◆ YOUR OBJECTIVE: Whichever lines include the word "lebesgue", copy them as they appear in the data.

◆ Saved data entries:
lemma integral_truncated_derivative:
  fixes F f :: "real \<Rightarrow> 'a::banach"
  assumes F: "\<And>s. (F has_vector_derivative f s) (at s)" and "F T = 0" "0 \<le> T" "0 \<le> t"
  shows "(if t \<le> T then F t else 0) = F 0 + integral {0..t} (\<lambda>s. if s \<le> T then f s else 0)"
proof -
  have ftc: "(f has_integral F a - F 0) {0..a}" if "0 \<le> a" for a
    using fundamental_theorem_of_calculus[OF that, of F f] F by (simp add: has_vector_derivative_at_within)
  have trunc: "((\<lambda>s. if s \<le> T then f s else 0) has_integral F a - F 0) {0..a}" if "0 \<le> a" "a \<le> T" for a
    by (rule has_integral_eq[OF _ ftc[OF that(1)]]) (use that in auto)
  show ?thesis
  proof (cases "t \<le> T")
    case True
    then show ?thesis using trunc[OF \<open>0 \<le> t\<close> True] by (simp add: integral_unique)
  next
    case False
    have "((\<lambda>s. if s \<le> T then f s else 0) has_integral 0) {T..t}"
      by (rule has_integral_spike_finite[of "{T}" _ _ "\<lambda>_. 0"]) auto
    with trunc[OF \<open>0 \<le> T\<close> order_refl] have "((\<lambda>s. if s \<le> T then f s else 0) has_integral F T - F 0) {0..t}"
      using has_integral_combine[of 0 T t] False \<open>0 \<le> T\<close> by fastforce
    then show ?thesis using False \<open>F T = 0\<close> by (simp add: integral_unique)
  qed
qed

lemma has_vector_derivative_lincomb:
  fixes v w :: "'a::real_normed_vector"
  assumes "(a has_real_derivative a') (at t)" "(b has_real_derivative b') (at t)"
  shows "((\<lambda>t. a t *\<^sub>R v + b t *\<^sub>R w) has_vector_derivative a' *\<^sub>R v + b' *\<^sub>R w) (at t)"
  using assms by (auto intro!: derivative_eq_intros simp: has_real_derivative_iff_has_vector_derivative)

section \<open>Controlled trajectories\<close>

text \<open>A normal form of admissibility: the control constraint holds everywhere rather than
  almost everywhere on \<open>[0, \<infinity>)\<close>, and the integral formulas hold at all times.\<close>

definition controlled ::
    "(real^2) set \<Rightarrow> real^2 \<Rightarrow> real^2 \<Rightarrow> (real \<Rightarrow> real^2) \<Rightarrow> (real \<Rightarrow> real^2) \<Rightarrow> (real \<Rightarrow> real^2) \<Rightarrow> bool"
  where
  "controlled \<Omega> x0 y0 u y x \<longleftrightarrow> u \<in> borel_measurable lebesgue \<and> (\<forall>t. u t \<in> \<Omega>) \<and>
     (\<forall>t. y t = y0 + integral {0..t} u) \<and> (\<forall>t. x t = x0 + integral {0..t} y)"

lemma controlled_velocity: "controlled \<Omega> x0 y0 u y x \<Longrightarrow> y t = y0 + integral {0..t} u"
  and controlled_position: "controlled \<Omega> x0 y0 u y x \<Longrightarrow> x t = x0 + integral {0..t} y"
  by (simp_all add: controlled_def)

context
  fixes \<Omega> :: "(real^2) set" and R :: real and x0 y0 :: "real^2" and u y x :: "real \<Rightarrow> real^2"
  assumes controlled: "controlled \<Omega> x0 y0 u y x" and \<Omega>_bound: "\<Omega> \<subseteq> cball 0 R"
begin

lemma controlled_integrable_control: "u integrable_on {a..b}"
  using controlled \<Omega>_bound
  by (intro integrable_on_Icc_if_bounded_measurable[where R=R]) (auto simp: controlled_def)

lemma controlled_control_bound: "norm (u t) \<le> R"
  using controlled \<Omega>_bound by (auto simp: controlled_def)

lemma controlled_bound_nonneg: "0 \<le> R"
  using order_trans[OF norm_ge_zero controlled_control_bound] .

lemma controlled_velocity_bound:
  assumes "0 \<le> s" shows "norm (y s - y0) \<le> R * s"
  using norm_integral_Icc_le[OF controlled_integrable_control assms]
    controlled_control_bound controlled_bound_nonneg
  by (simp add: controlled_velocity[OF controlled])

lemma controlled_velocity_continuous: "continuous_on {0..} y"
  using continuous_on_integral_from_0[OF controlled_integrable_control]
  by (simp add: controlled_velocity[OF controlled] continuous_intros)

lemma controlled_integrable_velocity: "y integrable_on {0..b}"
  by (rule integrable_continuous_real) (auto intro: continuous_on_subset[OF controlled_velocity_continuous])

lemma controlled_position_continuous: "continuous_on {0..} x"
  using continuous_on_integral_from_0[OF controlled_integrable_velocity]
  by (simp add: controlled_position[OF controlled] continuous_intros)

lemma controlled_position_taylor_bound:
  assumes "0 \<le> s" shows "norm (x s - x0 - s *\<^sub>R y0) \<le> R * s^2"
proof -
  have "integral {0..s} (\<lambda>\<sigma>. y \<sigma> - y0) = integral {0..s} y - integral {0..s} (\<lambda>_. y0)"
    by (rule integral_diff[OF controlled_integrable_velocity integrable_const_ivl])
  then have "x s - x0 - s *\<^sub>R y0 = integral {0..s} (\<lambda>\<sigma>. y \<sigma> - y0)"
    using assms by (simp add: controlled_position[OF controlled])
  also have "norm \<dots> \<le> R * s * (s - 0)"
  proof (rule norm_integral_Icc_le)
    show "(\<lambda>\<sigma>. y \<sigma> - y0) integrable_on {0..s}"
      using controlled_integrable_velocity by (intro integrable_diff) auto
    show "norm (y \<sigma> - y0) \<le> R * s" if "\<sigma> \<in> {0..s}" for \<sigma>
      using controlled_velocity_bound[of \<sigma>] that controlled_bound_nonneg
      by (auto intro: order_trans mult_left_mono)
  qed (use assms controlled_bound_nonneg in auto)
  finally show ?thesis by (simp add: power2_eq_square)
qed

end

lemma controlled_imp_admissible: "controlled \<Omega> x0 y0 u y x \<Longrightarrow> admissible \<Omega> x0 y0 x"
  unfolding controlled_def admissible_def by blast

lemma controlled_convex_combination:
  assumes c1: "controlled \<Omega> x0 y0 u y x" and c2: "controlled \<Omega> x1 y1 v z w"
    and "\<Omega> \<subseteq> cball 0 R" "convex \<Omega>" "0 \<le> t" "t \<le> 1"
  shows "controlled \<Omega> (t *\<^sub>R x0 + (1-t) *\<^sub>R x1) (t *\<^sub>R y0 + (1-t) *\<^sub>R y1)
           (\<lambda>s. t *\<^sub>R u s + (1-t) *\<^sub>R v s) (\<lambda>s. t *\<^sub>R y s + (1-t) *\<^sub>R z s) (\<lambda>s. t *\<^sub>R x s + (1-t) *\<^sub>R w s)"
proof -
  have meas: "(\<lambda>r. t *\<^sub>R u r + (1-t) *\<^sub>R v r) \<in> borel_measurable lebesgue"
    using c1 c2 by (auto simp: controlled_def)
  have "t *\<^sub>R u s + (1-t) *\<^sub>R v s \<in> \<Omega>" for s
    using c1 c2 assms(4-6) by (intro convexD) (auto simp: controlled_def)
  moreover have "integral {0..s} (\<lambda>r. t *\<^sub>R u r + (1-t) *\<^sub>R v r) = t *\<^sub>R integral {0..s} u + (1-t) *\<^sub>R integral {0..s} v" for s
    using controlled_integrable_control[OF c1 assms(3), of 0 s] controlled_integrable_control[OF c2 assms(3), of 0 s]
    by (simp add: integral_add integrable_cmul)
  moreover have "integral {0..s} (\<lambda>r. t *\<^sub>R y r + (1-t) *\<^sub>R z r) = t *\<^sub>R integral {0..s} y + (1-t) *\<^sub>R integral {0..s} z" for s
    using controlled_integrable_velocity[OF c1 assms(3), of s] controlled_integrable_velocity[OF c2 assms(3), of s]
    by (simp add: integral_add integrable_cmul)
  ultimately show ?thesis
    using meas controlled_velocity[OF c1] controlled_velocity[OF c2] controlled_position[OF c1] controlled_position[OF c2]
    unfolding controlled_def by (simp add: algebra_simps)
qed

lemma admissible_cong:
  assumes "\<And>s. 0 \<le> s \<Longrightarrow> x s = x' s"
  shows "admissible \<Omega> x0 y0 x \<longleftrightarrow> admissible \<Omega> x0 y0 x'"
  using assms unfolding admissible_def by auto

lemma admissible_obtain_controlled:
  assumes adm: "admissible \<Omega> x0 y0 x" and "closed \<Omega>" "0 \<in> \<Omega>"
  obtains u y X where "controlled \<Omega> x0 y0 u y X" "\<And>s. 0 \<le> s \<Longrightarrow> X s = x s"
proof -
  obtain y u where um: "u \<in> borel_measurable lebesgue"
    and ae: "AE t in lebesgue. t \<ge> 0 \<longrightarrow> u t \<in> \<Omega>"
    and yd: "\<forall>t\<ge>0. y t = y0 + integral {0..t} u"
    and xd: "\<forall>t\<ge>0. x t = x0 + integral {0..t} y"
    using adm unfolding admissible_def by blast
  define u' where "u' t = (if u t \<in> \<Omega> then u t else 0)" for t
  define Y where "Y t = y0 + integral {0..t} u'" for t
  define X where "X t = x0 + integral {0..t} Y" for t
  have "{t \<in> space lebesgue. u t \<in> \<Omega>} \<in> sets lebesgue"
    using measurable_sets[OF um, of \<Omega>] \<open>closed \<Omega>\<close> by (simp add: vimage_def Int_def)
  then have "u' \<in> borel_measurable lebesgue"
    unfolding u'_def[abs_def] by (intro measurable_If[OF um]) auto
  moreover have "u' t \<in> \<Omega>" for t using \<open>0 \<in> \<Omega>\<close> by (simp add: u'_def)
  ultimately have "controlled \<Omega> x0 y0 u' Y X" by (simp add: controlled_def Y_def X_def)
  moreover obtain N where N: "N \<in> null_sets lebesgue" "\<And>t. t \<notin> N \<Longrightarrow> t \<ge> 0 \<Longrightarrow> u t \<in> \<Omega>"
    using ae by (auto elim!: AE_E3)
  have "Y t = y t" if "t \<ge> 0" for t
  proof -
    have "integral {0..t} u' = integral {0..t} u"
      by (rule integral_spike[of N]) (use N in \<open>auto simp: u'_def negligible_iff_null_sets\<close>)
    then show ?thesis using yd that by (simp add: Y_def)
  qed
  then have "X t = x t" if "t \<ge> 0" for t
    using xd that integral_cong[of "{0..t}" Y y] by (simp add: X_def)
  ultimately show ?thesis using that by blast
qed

◆ SOLUTION TO THIS PROBLEM:
  "controlled \<Omega> x0 y0 u y x \<longleftrightarrow> u \<in> borel_measurable lebesgue \<and> (\<forall>t. u t \<in> \<Omega>) \<and>
  have meas: "(\<lambda>r. t *\<^sub>R u r + (1-t) *\<^sub>R v r) \<in> borel_measurable lebesgue"
  obtain y u where um: "u \<in> borel_measurable lebesgue"
    and ae: "AE t in lebesgue. t \<ge> 0 \<longrightarrow> u t \<in> \<Omega>"
  have "{t \<in> space lebesgue. u t \<in> \<Omega>} \<in> sets lebesgue"
  then have "u' \<in> borel_measurable lebesgue"
  moreover obtain N where N: "N \<in> null_sets lebesgue" "\<And>t. t \<notin> N \<Longrightarrow> t \<ge> 0 \<Longrightarrow> u t \<in> \<Omega>"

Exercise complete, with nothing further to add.